---
name: sst-web-research
description: Research a topic from scratch using web search, page fetches, and academic sources (arXiv). Produces a structured markdown report with a clear title, introduction, findings organized into logical sections, conclusion, and a complete list of source URLs. For technical/scientific topics, leads with arXiv before falling back to general web. Synthesizes — never plagiarizes — and always cites every source it uses.
user-invocable: true
version: 1.0.0
argument-hint: [topic or research question]
---

# Web research

A multi-step research loop: search → visit → extract → synthesize. The goal is one publishable markdown report with every claim cited.

## Project contract

- **Output dir**: `<project>/data/sst-web-research/` by default. Override via the project's harness-instructions file. Reports are written as `<utc>_<query-hash>.md`.
- **Tools required**: harness's `WebSearch` and `WebFetch` (or an equivalent page-fetcher; Playwright MCP for JS-heavy sites).
- **No state across runs**: each invocation is self-contained. Loading prior research happens only if the user explicitly references a prior report path.

## Operating principles

- **Synthesize, never plagiarize.** Use sources to inform your own writing. Quote sparingly and only with attribution.
- **Cite every claim.** Every factual statement in the report carries a source URL. The "Sources" section at the end lists them all.
- **Authoritative > popular.** Prefer primary sources (the original paper, the official docs, the original announcement) over commentary about them.
- **Stop when satisfied.** Aim for ~10 high-quality sources for a typical topic. More is overkill; fewer is usually weak coverage.
- **Stay technical.** Don't bend the report toward safety/ethics caveats unless the user asked for that angle. Surface them if they're directly relevant; otherwise focus on the technical and factual substance.

## 1. Frame the query

If the user's input is vague, restate the question in your own words at the top of your scratch notes. Decide:

- **Topic class**: technical/scientific (use arXiv-first), commercial (use vendor docs + comparison sites), news (use recent results + multiple outlets), how-to (use official docs + community write-ups).
- **Depth target**: a one-page brief vs. a comprehensive report. Default to comprehensive unless the user signals otherwise.

## 2. Search

For technical / scientific queries, lead with arXiv:

```
WebSearch: site:arxiv.org "<your terms>"           # find papers
WebSearch: "<your terms>" site:arxiv.org cat:cs.AI  # category-scoped
```

For everything else, start with broad web search:

```
WebSearch: <your specific terms>
```

Use search operators when refining:
- quotes for exact phrases (`"chain of thought prompting"`)
- `-` to exclude (`-reddit`)
- `site:` to scope (`site:openai.com`)
- `inurl:` / `intitle:` for targeted hits

If results are thin, refine: more specific terms, narrower scope, different operator. Don't accept a weak first batch.

## 3. Visit and extract

For each promising hit:

```
WebFetch: <url>  // Extract the parts relevant to: <your specific question>
```

For PDFs (typical on arXiv): fetch the PDF directly with `WebFetch`; the harness's PDF reader handles extraction. For JS-rendered pages where `WebFetch` returns empty content, fall back to Playwright MCP.
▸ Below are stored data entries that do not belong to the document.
lemma sparse_split_off:
  assumes "sparse V E ends" "admissible_pair V E ends v a b"
    and "\<And>Y. Y \<subseteq> V - {v} \<Longrightarrow>
      card (induced_edges E' ends' Y) \<le> card (induced_edges E ends Y) + (if a \<in> Y \<and> b \<in> Y then 1 else 0)"
  shows "sparse (V - {v}) E' ends'"
  unfolding sparse_def
proof (intro allI impI)
  fix Y assume Y: "Y \<subseteq> V - {v}" "Y \<noteq> {}"
  have "card (induced_edges E ends Y) + 2 \<le> 2 * card Y"
    by (rule sparseD[OF assms(1)]) (use Y in auto)
  moreover have "card (induced_edges E ends Y) + 3 \<le> 2 * card Y" if "a \<in> Y" "b \<in> Y"
    using assms(2) Y(1) that unfolding admissible_pair_def by blast
  ultimately show "card (induced_edges E' ends' Y) + 2 \<le> 2 * card Y"
    using assms(3)[OF Y(1)] by (cases "a \<in> Y \<and> b \<in> Y") auto
qed

lemma deg3_reduction_counts:
  assumes g: "graph V E ends" and t: "card E + 2 = 2 * card V" and sp: "sparse V E ends"
    and v: "v \<in> V" and I: "{e\<in>E. v \<in> ends e} = {e1, e2, e3}" "e1 \<noteq> e2" "e1 \<noteq> e3" "e2 \<noteq> e3"
    and u: "ends e1 = {v, u1}" "ends e2 = {v, u2}"
    and adm: "admissible_pair V E ends v u1 u2"
  shows "graph (V - {v}) (E - {e2, e3}) (ends(e1 := {u1, u2}))"
    and "card (E - {e2, e3}) + 2 = 2 * card (V - {v})"
    and "sparse (V - {v}) (E - {e2, e3}) (ends(e1 := {u1, u2}))"
proof -
  have fin: "finite V" "finite E" using g by (auto simp: graph_def)
  have e: "e1 \<in> E" "e2 \<in> E" "e3 \<in> E" using I(1) by blast+
  have uV: "u1 \<in> V - {v}" "u2 \<in> V - {v}"
    using graph_end_in[OF g e(1) u(1)] graph_end_in[OF g e(2) u(2)] .
  show "graph (V - {v}) (E - {e2, e3}) (ends(e1 := {u1, u2}))"
  proof (rule graph_split_off[OF g uV])
    show "u1 \<noteq> u2" using adm by (simp add: admissible_pair_def)
    fix e assume "e \<in> E - {e2, e3}"
    then have "e = e1 \<or> e \<in> E \<and> v \<notin> ends e" using I(1) by blast
    then show "(ends(e1 := {u1, u2})) e = {u1, u2} \<or>
        (\<exists>f\<in>E. v \<notin> ends f \<and> (ends(e1 := {u1, u2})) e = ends f)"
      by auto
  qed (use fin in simp)
  have "card (E - {e2, e3}) + 2 = card E"
    using I(4) e(2,3) fin card_mono[OF fin(2), of "{e2, e3}"] by (simp add: card_Diff_subset)
  then show "card (E - {e2, e3}) + 2 = 2 * card (V - {v})"
    using t card_Suc_Diff1[OF fin(1) v] by simp
  show "sparse (V - {v}) (E - {e2, e3}) (ends(e1 := {u1, u2}))"
  proof (rule sparse_split_off[OF sp adm])
    fix Y assume Y: "Y \<subseteq> V - {v}"
    let ?S = "induced_edges E ends Y"
    \<comment> \<open>the old e1 is not induced by Y since it is incident to v\<close>
    have sub: "induced_edges (E - {e2, e3}) (ends(e1 := {u1, u2})) Y
        \<subseteq> ?S \<union> (if u1 \<in> Y \<and> u2 \<in> Y then {e1} else {})"
      using Y by (auto simp: induced_edges_def)
    have "finite ?S" using fin by (simp add: induced_edges_def)
    then have "card (induced_edges (E - {e2, e3}) (ends(e1 := {u1, u2})) Y)
        \<le> card (?S \<union> (if u1 \<in> Y \<and> u2 \<in> Y then {e1} else {}))"
      by (intro card_mono[OF _ sub]) simp
    also have "\<dots> \<le> card ?S + (if u1 \<in> Y \<and> u2 \<in> Y then 1 else 0)"
      using \<open>finite ?S\<close> by (simp add: card_insert_if)
    finally show "card (induced_edges (E - {e2, e3}) (ends(e1 := {u1, u2})) Y)
        \<le> card ?S + (if u1 \<in> Y \<and> u2 \<in> Y then 1 else 0)" .
  qed
qed

lemma bispanning_deg3_lift:
  assumes g: "graph V E ends" and v: "v \<in> V"
    and I: "{e\<in>E. v \<in> ends e} = {e1, e2, e3}" "e1 \<noteq> e2" "e1 \<noteq> e3" "e2 \<noteq> e3"
    and u: "ends e1 = {v, u1}" "ends e2 = {v, u2}" "ends e3 = {v, u3}"
    and red: "bispanning (V - {v}) (E - {e2, e3}) (ends(e1 := {u1, u2}))"
  shows "bispanning V E ends"
proof -
  let ?V' = "V - {v}" and ?E' = "E - {e2, e3}" and ?ends' = "ends(e1 := {u1, u2})"
  obtain T1 T2 where T: "T1 \<inter> T2 = {}" "T1 \<union> T2 = ?E'"
    "spanning_tree ?V' ?E' ?ends' T1" "spanning_tree ?V' ?E' ?ends' T2"
    and g': "graph ?V' ?E' ?ends'" using red by (auto simp: bispanning_def)
  have inc: "e1 \<in> E" "e2 \<in> E" "e3 \<in> E" using I(1) by auto
  have extend: "spanning_tree V E ends (insert e T)"
    if tree: "spanning_tree ?V' ?E' ?ends' T" "T \<subseteq> ?E'"
      and e: "e \<in> {e2, e3}" "ends e = {v, w}"
      and lift: "\<And>p q. reach ?ends' T p q \<Longrightarrow> reach ends (insert e T) p q" for T e w
  proof (rule spanning_tree_add_pendant_edge[OF g v tree(1) graph_mono[OF g' tree(2)] _ _ e(2) lift])
    show "insert e T \<subseteq> E" "e \<notin> T" using tree(2) e(1) inc by auto
  qed
  \<comment> \<open>the tree containing the split-off edge e1 gets e2, the other one gets e3\<close>
  have lift_e1: "reach ends (insert e2 T) p q"
    if "reach ?ends' T p q" "e1 \<in> T" for T p q
    using that(1)
  proof (rule reach_edges_reach)
    fix f a b assume f: "f \<in> T" "?ends' f = {a, b}"
    have "reach ends (insert e2 T) u1 v" "reach ends (insert e2 T) v u2"
      using u(1,2) that(2) by (auto intro: reach_edge[of e1] reach_edge[of e2])
    then have "reach ends (insert e2 T) u1 u2" "reach ends (insert e2 T) u2 u1"
      by (auto intro: reach_trans reach_sym)
    then show "reach ends (insert e2 T) a b"
      using f by (cases "f = e1") (auto simp: doubleton_eq_iff intro: reach_edge)
  qed
  have lift_other: "reach ends (insert e3 T) p q"
    if "reach ?ends' T p q" "e1 \<notin> T" for T p q
    using that(1)
  proof (rule reach_edges_reach)
    fix f a b assume "f \<in> T" "?ends' f = {a, b}"
    then show "reach ends (insert e3 T) a b"
      using that(2) by (intro reach_edge[of f]) (auto split: if_splits)
  qed
  have from_trees: "bispanning V E ends"
    if "A \<inter> B = {}" "A \<union> B = ?E'" "spanning_tree ?V' ?E' ?ends' A" "spanning_tree ?V' ?E' ?ends' B"
      "e1 \<in> A" for A B
  proof -
    have "spanning_tree V E ends (insert e2 A)" "spanning_tree V E ends (insert e3 B)"
      using extend[OF that(3) _ _ u(2) lift_e1] extend[OF that(4) _ _ u(3) lift_other] that
      by blast+
    moreover have "insert e2 A \<inter> insert e3 B = {}" "insert e2 A \<union> insert e3 B = E"
      using that(1,2) I(4) inc by blast+
    ultimately show ?thesis using g unfolding bispanning_def by blast
  qed
  have "e1 \<in> T1 \<or> e1 \<in> T2" using T(2) inc I(2,3) by blast
  then show ?thesis
    using from_trees[OF T(1-4)] from_trees[of T2 T1] T by (auto simp: Int_commute Un_commute)
qed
While reading, keep two scratch lists:
- **Facts found** (with source URL each).
- **Open questions** (with the search term you'd try next).
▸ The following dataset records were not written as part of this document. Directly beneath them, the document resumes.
(* Let $\Gamma=(V,m,\tau)$ be a weak $W$-graph and let $A\subseteq\Delta$. The following are equivalent: (1) there is some $v\in V$ with $\tau(v)=A$; (2) the operator $Q(\Delta\setminus A)R(A)$ is nonzero on $\mathbb{C}V$; (3) the trace of $Q(\Delta\setminus A)R(A)$ on $\mathbb{C}V$ is nonzero; (4) the trace of $R(A)Q(\Delta\setminus A)$ on $\mathbb{C}V$ is nonzero.
   Context: $W$ is a Weyl group with a fixed set $\Delta$ of simple roots; for a root $\alpha$, $s_\alpha$ is the reflection in the hyperplane orthogonal to $\alpha$, and $\operatorname{sgn}$ is the sign character of $W$. A weak $W$-graph is a triple $\Gamma=(V,m,\tau)$ where $V$ is a finite set, $m:V\times V\to\mathbb{C}$ is a map, and $\tau$ is a map from $V$ to the power set of $\Delta$, such that the linear maps $s_\alpha:\mathbb{C}V\to\mathbb{C}V$ ($\alpha\in\Delta$) given on basis vectors by $s_\alpha(v)=-v$ if $\alpha\in\tau(v)$ and $s_\alpha(v)=v-\sum_{u\in V,\ \alpha\in\tau(u)} m(u,v)u$ if $\alpha\notin\tau(v)$ define a representation of $W$ on $\mathbb{C}V$. For $B\subseteq\Delta$, $W(B)$ is the subgroup generated by $\{s_\alpha:\alpha\in B\}$, and $Q(B)=\frac{1}{|W(B)|}\sum_{g\in W(B)}g$, $R(B)=\frac{1}{|W(B)|}\sum_{g\in W(B)}\operatorname{sgn}(g)g$, elements of the group algebra $\mathbb{C}[W]$ acting on $\mathbb{C}V$. *)

theory Defs
  imports "HOL-Analysis.Analysis"
begin

definition refl :: "real^'n \<Rightarrow> real^'n \<Rightarrow> real^'n" where
  "refl \<alpha> x = x - ((2 * (x \<bullet> \<alpha>)) / (\<alpha> \<bullet> \<alpha>)) *\<^sub>R \<alpha>"

definition root_system :: "(real^'n) set \<Rightarrow> bool" where
  "root_system \<Phi> \<longleftrightarrow> finite \<Phi> \<and> 0 \<notin> \<Phi> \<and>
     (\<forall>\<alpha>\<in>\<Phi>. \<forall>\<beta>\<in>\<Phi>. refl \<alpha> \<beta> \<in> \<Phi>) \<and>
     (\<forall>\<alpha>\<in>\<Phi>. \<forall>\<beta>\<in>\<Phi>. 2 * (\<beta> \<bullet> \<alpha>) / (\<alpha> \<bullet> \<alpha>) \<in> \<int>) \<and>
     (\<forall>\<alpha>\<in>\<Phi>. \<forall>c::real. c *\<^sub>R \<alpha> \<in> \<Phi> \<longrightarrow> c = 1 \<or> c = -1)"

definition simple_system :: "(real^'n) set \<Rightarrow> (real^'n) set \<Rightarrow> bool" where
  "simple_system \<Phi> \<Delta> \<longleftrightarrow> \<Delta> \<subseteq> \<Phi> \<and> independent \<Delta> \<and>
     (\<forall>\<beta>\<in>\<Phi>. \<exists>c::real^'n \<Rightarrow> real. (\<forall>\<alpha>\<in>\<Delta>. c \<alpha> \<in> \<int>) \<and>
        ((\<forall>\<alpha>\<in>\<Delta>. c \<alpha> \<ge> 0) \<or> (\<forall>\<alpha>\<in>\<Delta>. c \<alpha> \<le> 0)) \<and>
        \<beta> = (\<Sum>\<alpha>\<in>\<Delta>. c \<alpha> *\<^sub>R \<alpha>))"
lemma splitting_smult:
  assumes "x \<in> mcarrier M"
  shows "splitting (msmult M r x) g = r * splitting x g"
proof (cases "g \<in> xs ` {..<n}")
  case True
  then obtain j where j: "j < n" "g = xs j" by auto
  have L: "lin (coords (msmult M r x)) = lin (\<lambda>j. r * coords x j)"
    using assms lin_coords lin_smult by simp
  show ?thesis
    unfolding splitting_def using retract_eq_if_lin_eq[OF L j(1)] retract_smult j
    by (simp add: gen_index_xs)
qed (simp add: splitting_def)

lemma splitting_hom: "splitting \<in> mod_hom M (free_lmod (xs ` {..<n}))"
  unfolding mod_hom_def
proof (intro CollectI conjI ballI allI)
  fix x
  have "finite {g. splitting x g \<noteq> 0}"
    by (rule finite_subset[of _ "xs ` {..<n}"]) (auto simp: splitting_def)
  then show "splitting x \<in> mcarrier (free_lmod (xs ` {..<n}))"
    unfolding free_lmod_simps by (simp add: splitting_def)
next
  fix x y assume "x \<in> mcarrier M" "y \<in> mcarrier M"
  then show "splitting (madd M x y) = madd (free_lmod (xs ` {..<n})) (splitting x) (splitting y)"
    unfolding free_lmod_simps by (intro ext splitting_add)
next
  fix r x assume "x \<in> mcarrier M"
  then show "splitting (msmult M r x) = msmult (free_lmod (xs ` {..<n})) r (splitting x)"
    unfolding free_lmod_simps by (intro ext splitting_smult)
qed

lemma lin_splitting: "x \<in> mcarrier M \<Longrightarrow> lin (\<lambda>j. splitting x (xs j)) = x"
proof -
  assume "x \<in> mcarrier M"
  have "lin (\<lambda>j. splitting x (xs j)) = lin (retract (coords x))"
    by (rule lin_cong) (auto simp: splitting_def gen_index_xs)
  also have "\<dots> = x" using lin_retract lin_coords \<open>x \<in> mcarrier M\<close> by simp
  finally show ?thesis .
qed

lemma projective: "projective M"
  unfolding projective_def
  by (intro exI[of _ "xs ` {..<n}"] exI[of _ splitting] exI[of _ "\<lambda>f. lin (\<lambda>j. f (xs j))"]
      conjI ballI splitting_hom lin_hom_free_lmod lin_splitting)

end

section \<open>Relations in tensor products\<close>

lemma tensor_rel_gen: "g \<in> tensor_gens N M \<Longrightarrow> g \<in> tensor_rel N M"
  using tensor_rel.add[OF tensor_rel.zero, of g] by simp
Iterate steps 2-3 until the open-questions list is empty or saturated.

## 4. Synthesize

Compose the report. Required structure:

```markdown
# <Clear, specific title — not the user's raw query>

## Introduction
<1-3 paragraphs: what's the topic, what's its scope in this report, what
does the reader walk away knowing.>

## <Section 1 — first major finding cluster>
<2-5 paragraphs of findings with inline citations like ([Source](url)).>

## <Section 2>
...

## <Section N>
...

## Conclusion
<1-2 paragraphs: what the research showed, what's still open or contested,
what the natural next step is.>

## Sources
- [<page title>](<url>) — <one-line note on what this source contributed>
- ...
```

**Inline citation style**: every paragraph that asserts a fact ends with at least one `([Source N](url))` reference. The Sources list at the end is the authoritative roll-call; inline links point into it.

## 5. Write the file

Save the report to `<project>/data/sst-web-research/<utc>_<short-slug>.md`. The slug is a 3-5-word kebab-case version of the topic. If the dir doesn't exist, create it.
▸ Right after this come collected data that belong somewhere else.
(* Let $f=f_1+f_2$ and $l=l_1+l_2$ be as in the context and assume there are $C\ge0$, $C_1\ge0$, $C_2,C_3>0$ such that for all $x\in H$, $\mu\in\mathcal P_2(H)$, $q\in\tilde\Lambda$: $|f_2(x,\mu,q)|\le C(1+|q|_\Lambda)$ and $-C_1+C_2|q|_\Lambda^2\le l_2(x,\mu,q)\le C_1+C_3|q|_\Lambda^2$ (and $|f(x,\mu,q)|_{-1}\le C(1+|x|_{-1}+\mathcal M_{-1,r}^{1/r}(\mu)+|q|_\Lambda)$ for a fixed $r\in[1,2)$). Then for every $\tilde C>0$ there is a constant $K>0$ such that $$\mathcal H_n(\mathbf x,\mu,\mathbf p)=\mathcal H_n^{K\sqrt n}(\mathbf x,\mu,\mathbf p)$$ for all $n\in\mathbb N$, $\mu\in\mathcal P_2(H)$ and $\mathbf x,\mathbf p\in H^n$ with $|\mathbf p|_{H^n}\le\tilde C/\sqrt n$.
   Context: $H,\Lambda$ real separable Hilbert spaces ($H$: inner product $\langle\cdot,\cdot\rangle$, norm $|\cdot|$; $\Lambda$: norm $|\cdot|_\Lambda$), $\tilde\Lambda\subset\Lambda$ convex. $B\in L(H)$ self-adjoint, strictly positive, $|x|_{-1}^2=\langle Bx,x\rangle$; $\mathcal P_2(H)$ probability measures with finite second moment; $\mathcal M_{-1,r}(\mu)=\int|x|_{-1}^r\mu(dx)$. $f=f_1+f_2$ with $f_1:H\times\mathcal P_2(H)\to H$, $f_2:H\times\mathcal P_2(H)\times\Lambda\to H$; $l=l_1+l_2$ with $l_1:H\times\mathcal P_2(H)\to\mathbb R$, $l_2:H\times\mathcal P_2(H)\times\Lambda\to\mathbb R$ continuous. For $\mathbf x,\mathbf p\in H^n$, $|\mathbf p|_{H^n}=(\sum|p_i|^2)^{1/2}$, $\mathbf q\in\tilde\Lambda^n$, $|\mathbf q|_{\Lambda^n}=(\sum|q_i|_\Lambda^2)^{1/2}$, and $\mathcal H_n(\mathbf x,\mu,\mathbf p)=\frac1n\inf_{\mathbf q\in\tilde\Lambda^n}\sum_{i=1}^n(\langle f(x_i,\mu,q_i),np_i\rangle+l(x_i,\mu,q_i))$, $\mathcal H_n^m(\mathbf x,\mu,\mathbf p)=\frac1n\inf_{\mathbf q\in\tilde\Lambda^n,|\mathbf q|_{\Lambda^n}\le m}\sum_{i=1}^n(\langle f(x_i,\mu,q_i),np_i\rangle+l(x_i,\mu,q_i))$ for $m>0$. *)

theory Defs
  imports "HOL-Probability.Probability"
begin

definition P2 :: "'h::{real_inner,polish_space} measure set" where
  "P2 = {\<mu>. sets \<mu> = sets borel \<and> prob_space \<mu> \<and> integrable \<mu> (\<lambda>x. (norm x)\<^sup>2)}"

definition admissible_B :: "('h::real_inner \<Rightarrow> 'h) \<Rightarrow> bool" where
  "admissible_B B \<longleftrightarrow> bounded_linear B \<and> (\<forall>x y. inner (B x) y = inner x (B y))
     \<and> (\<forall>x. x \<noteq> 0 \<longrightarrow> inner (B x) x > 0)"

definition norm_m1 :: "('h::real_inner \<Rightarrow> 'h) \<Rightarrow> 'h \<Rightarrow> real" where
  "norm_m1 B x = sqrt (inner (B x) x)"

definition M_m1 :: "('h::{real_inner,polish_space} \<Rightarrow> 'h) \<Rightarrow> real \<Rightarrow> 'h measure \<Rightarrow> real" where
  "M_m1 B r \<mu> = (\<integral>x. (norm_m1 B x) powr r \<partial>\<mu>)"

text \<open>Vectors in H^n / Lambda^n are functions on indices i < n.\<close>
definition Hn :: "('h::real_inner \<Rightarrow> 'm \<Rightarrow> 'l::real_inner \<Rightarrow> 'h) \<Rightarrow> ('h \<Rightarrow> 'm \<Rightarrow> 'l \<Rightarrow> real)
     \<Rightarrow> 'l set \<Rightarrow> nat \<Rightarrow> (nat \<Rightarrow> 'h) \<Rightarrow> 'm \<Rightarrow> (nat \<Rightarrow> 'h) \<Rightarrow> real" where
  "Hn f l Lt n x \<mu> p = (1 / real n) * Inf {(\<Sum>i<n. inner (f (x i) \<mu> (q i)) (real n *\<^sub>R p i) + l (x i) \<mu> (q i))
       | q. \<forall>i<n. q i \<in> Lt}"

definition Hn_m :: "('h::real_inner \<Rightarrow> 'm \<Rightarrow> 'l::real_inner \<Rightarrow> 'h) \<Rightarrow> ('h \<Rightarrow> 'm \<Rightarrow> 'l \<Rightarrow> real)
     \<Rightarrow> 'l set \<Rightarrow> real \<Rightarrow> nat \<Rightarrow> (nat \<Rightarrow> 'h) \<Rightarrow> 'm \<Rightarrow> (nat \<Rightarrow> 'h) \<Rightarrow> real" where
  "Hn_m f l Lt m n x \<mu> p = (1 / real n) * Inf {(\<Sum>i<n. inner (f (x i) \<mu> (q i)) (real n *\<^sub>R p i) + l (x i) \<mu> (q i))
       | q. (\<forall>i<n. q i \<in> Lt) \<and> sqrt (\<Sum>i<n. (norm (q i))\<^sup>2) \<le> m}"

end

theory Submission
  imports Defs
begin

(* Write the objective of H_n as a control-independent part plus the contribution of f2 and l2.
   Since |p| <= Ct/sqrt n, the pairing with n p costs at most C Ct sqrt n (sqrt n + |q|), while l2
   contributes at least C2 |q|^2 - n C1; so the objective is bounded below, and once |q| > K sqrt n
   it is no smaller than the objective of a constant control q_i = q0, which lies in the ball of
   radius K sqrt n and costs O(n). Hence the infimum may be taken over that ball. *)

lemma cInf_image_restrict_if_dominated:
  fixes F :: "'a \<Rightarrow> 'b::conditionally_complete_lattice"
  assumes dominated: "\<And>q. q \<in> Q \<Longrightarrow> \<not> P q \<Longrightarrow> \<exists>q'\<in>Q. P q' \<and> F q' \<le> F q"
    and bdd: "bdd_below (F ` {q\<in>Q. P q})"
  shows "Inf (F ` Q) = Inf (F ` {q\<in>Q. P q})"
proof (cases "{q\<in>Q. P q} = {}")
  case True
  with dominated have "Q = {}" by blast
  then show ?thesis by simp
next
  case False
  have below: "Inf (F ` {q\<in>Q. P q}) \<le> F q" if "q \<in> Q" for q
  proof (cases "P q")
    case True
    with that bdd show ?thesis by (auto intro: cInf_lower)
  next
    case False
    with that dominated obtain q' where "q' \<in> Q" "P q'" "F q' \<le> F q" by blast
    with bdd have "Inf (F ` {q\<in>Q. P q}) \<le> F q'" by (auto intro: cInf_lower)
    then show ?thesis using \<open>F q' \<le> F q\<close> by (rule order_trans)
  qed
  show ?thesis
  proof (rule antisym)
    show "Inf (F ` Q) \<le> Inf (F ` {q\<in>Q. P q})"
      using False below by (intro cInf_superset_mono bdd_belowI2) auto
    show "Inf (F ` {q\<in>Q. P q}) \<le> Inf (F ` Q)"
      using False below by (intro cInf_greatest) auto
  qed
qed

lemma sum_abs_le_sqrt_card_mult_L2_set:
  "(\<Sum>i\<in>A. \<bar>g i\<bar>) \<le> sqrt (real (card A)) * L2_set g A"
  using L2_set_mult_ineq[of "\<lambda>_. 1" g A] by (simp add: L2_set_constant)

lemma quadratic_ge_vertex_value:
  fixes b c R :: real
  assumes "0 < c"
  shows "- b\<^sup>2 / (4 * c) \<le> c * R\<^sup>2 - b * R"
proof -
  have "0 \<le> (2 * c * R - b)\<^sup>2 / (4 * c)" using assms by simp
  also have "\<dots> = c * R\<^sup>2 - b * R + b\<^sup>2 / (4 * c)"
    using assms by (simp add: field_simps power2_eq_square)
  finally show ?thesis by simp
qed

lemma quadratic_dominates_beyond_radius:
  fixes s R K b c A :: real
  assumes "0 < s" "0 < c" "0 \<le> A" "1 \<le> K" "(b + A) / c \<le> K" "K * s < R"
  shows "s\<^sup>2 * A \<le> c * R\<^sup>2 - b * s * R"
proof -
  define t where "t = R / s"
  have R: "R = t * s" using assms(1) by (simp add: t_def)
  have "K < t" using assms(1,6) by (simp add: R)
  have "b + A \<le> c * K" using assms(2,5) by (simp add: pos_divide_le_eq mult.commute)
  also have "\<dots> \<le> c * t" using \<open>K < t\<close> assms(2) by simp
  finally have "A \<le> c * t - b" by simp
  have "1 \<le> t" using \<open>K < t\<close> assms(4) by simp
  have "s\<^sup>2 * A \<le> s\<^sup>2 * (t * A)"
    using mult_right_mono[OF \<open>1 \<le> t\<close> assms(3)] by (simp add: mult_left_mono)
  also have "\<dots> \<le> s\<^sup>2 * (t * (c * t - b))"
    using \<open>A \<le> c * t - b\<close> \<open>1 \<le> t\<close> by (simp add: mult_left_mono)
  also have "\<dots> = c * R\<^sup>2 - b * s * R" by (simp add: R power2_eq_square algebra_simps)
  finally show ?thesis .
qed

definition Hn_objective :: "('h::real_inner \<Rightarrow> 'm \<Rightarrow> 'l \<Rightarrow> 'h) \<Rightarrow> ('h \<Rightarrow> 'm \<Rightarrow> 'l \<Rightarrow> real)
    \<Rightarrow> nat \<Rightarrow> (nat \<Rightarrow> 'h) \<Rightarrow> 'm \<Rightarrow> (nat \<Rightarrow> 'h) \<Rightarrow> (nat \<Rightarrow> 'l) \<Rightarrow> real" where
  "Hn_objective f l n x \<mu> p q = (\<Sum>i<n. inner (f (x i) \<mu> (q i)) (real n *\<^sub>R p i) + l (x i) \<mu> (q i))"

lemma Hn_eq_Hn_m_if_dominated:
  fixes f2 :: "'h::real_inner \<Rightarrow> 'm \<Rightarrow> 'l::real_inner \<Rightarrow> 'h" and l2 :: "'h \<Rightarrow> 'm \<Rightarrow> 'l \<Rightarrow> real"
    and n :: nat and x p :: "nat \<Rightarrow> 'h" and \<mu> :: 'm
  defines "J \<equiv> Hn_objective f2 l2 n x \<mu> p"
  assumes dominated: "\<And>q. \<forall>i<n. q i \<in> Lt \<Longrightarrow> m < L2_set (\<lambda>i. norm (q i)) {..<n} \<Longrightarrow>
      \<exists>q'. (\<forall>i<n. q' i \<in> Lt) \<and> L2_set (\<lambda>i. norm (q' i)) {..<n} \<le> m \<and> J q' \<le> J q"
    and bdd: "bdd_below (J ` {q. \<forall>i<n. q i \<in> Lt})"
  shows "Hn (\<lambda>x \<mu> q. f1 x \<mu> + f2 x \<mu> q) (\<lambda>x \<mu> q. l1 x \<mu> + l2 x \<mu> q) Lt n x \<mu> p
       = Hn_m (\<lambda>x \<mu> q. f1 x \<mu> + f2 x \<mu> q) (\<lambda>x \<mu> q. l1 x \<mu> + l2 x \<mu> q) Lt m n x \<mu> p"
proof -
  define a where "a = (\<Sum>i<n. inner (f1 (x i) \<mu>) (real n *\<^sub>R p i) + l1 (x i) \<mu>)"
  have objective: "(\<Sum>i<n. inner (f1 (x i) \<mu> + f2 (x i) \<mu> (q i)) (real n *\<^sub>R p i)
      + (l1 (x i) \<mu> + l2 (x i) \<mu> (q i))) = a + J q" for q
    unfolding a_def J_def Hn_objective_def by (simp add: inner_add_left sum.distrib algebra_simps)
  have "Inf ((\<lambda>q. a + J q) ` {q. \<forall>i<n. q i \<in> Lt})
      = Inf ((\<lambda>q. a + J q) ` {q \<in> {q. \<forall>i<n. q i \<in> Lt}. L2_set (\<lambda>i. norm (q i)) {..<n} \<le> m})"
  proof (rule cInf_image_restrict_if_dominated)
    show "\<exists>q'\<in>{q. \<forall>i<n. q i \<in> Lt}. L2_set (\<lambda>i. norm (q' i)) {..<n} \<le> m \<and> a + J q' \<le> a + J q"
      if "q \<in> {q. \<forall>i<n. q i \<in> Lt}" "\<not> L2_set (\<lambda>i. norm (q i)) {..<n} \<le> m" for q
      using dominated that by fastforce
    from bdd obtain b where "\<And>q. \<forall>i<n. q i \<in> Lt \<Longrightarrow> b \<le> J q"
      by (auto simp: bdd_below_def)
    then show "bdd_below ((\<lambda>q. a + J q) ` {q \<in> {q. \<forall>i<n. q i \<in> Lt}. L2_set (\<lambda>i. norm (q i)) {..<n} \<le> m})"
      by (intro bdd_belowI2[where m = "a + b"]) auto
  qed
  then show ?thesis
    unfolding Hn_def Hn_m_def objective L2_set_def by (simp add: setcompr_eq_image)
qed

lemma Hn_eq_Hn_m_no_controls:
  assumes "Lt = {}" "0 < n"
  shows "Hn f l Lt n x \<mu> p = Hn_m f l Lt m n x \<mu> p"
proof -
  have "\<not> (\<forall>i<n. q i \<in> Lt)" for q using assms by auto
  then have "{F q | q. \<forall>i<n. q i \<in> Lt} = {}" "{F q | q. (\<forall>i<n. q i \<in> Lt) \<and> P q} = {}"
    for F :: "_ \<Rightarrow> real" and P by blast+
  then show ?thesis unfolding Hn_def Hn_m_def by (simp only:)
qed

locale linear_quadratic_growth =
  fixes f :: "'h::real_inner \<Rightarrow> 'm \<Rightarrow> 'l::real_inner \<Rightarrow> 'h" and l :: "'h \<Rightarrow> 'm \<Rightarrow> 'l \<Rightarrow> real"
    and Lt :: "'l set" and M :: "'m set" and C C1 C2 C3 :: real
  assumes constants: "C \<ge> 0" "C1 \<ge> 0" "C2 > 0" "C3 \<ge> 0"
    and f_growth: "\<And>y \<mu> q. \<mu> \<in> M \<Longrightarrow> q \<in> Lt \<Longrightarrow> norm (f y \<mu> q) \<le> C * (1 + norm q)"
    and l_lower: "\<And>y \<mu> q. \<mu> \<in> M \<Longrightarrow> q \<in> Lt \<Longrightarrow> - C1 + C2 * (norm q)\<^sup>2 \<le> l y \<mu> q"
    and l_upper: "\<And>y \<mu> q. \<mu> \<in> M \<Longrightarrow> q \<in> Lt \<Longrightarrow> l y \<mu> q \<le> C1 + C3 * (norm q)\<^sup>2"
begin

lemma abs_inner_f_le:
  assumes "\<mu> \<in> M" "q \<in> Lt"
  shows "\<bar>inner (f y \<mu> q) v\<bar> \<le> C * (1 + norm q) * norm v"
  using Cauchy_Schwarz_ineq2 mult_right_mono[OF f_growth[OF assms] norm_ge_zero] by (rule order_trans)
Report path back to the user as the final line of your response.

## Hard rules

- **No fabricated URLs.** Every source URL was actually fetched. If you couldn't fetch it, it doesn't go in the report.
- **No fabricated facts.** If a search found a claim but no source backs it up, drop the claim.
- **No `<URL_HERE>` placeholders.** Either fill them in or remove the surrounding sentence.
- **No safety/ethics editorializing.** Surface real safety considerations only when they're directly part of the topic; don't append a generic disclaimer.
- **No "I think"/"I believe"** in the report body. The report is a synthesis, not your opinion.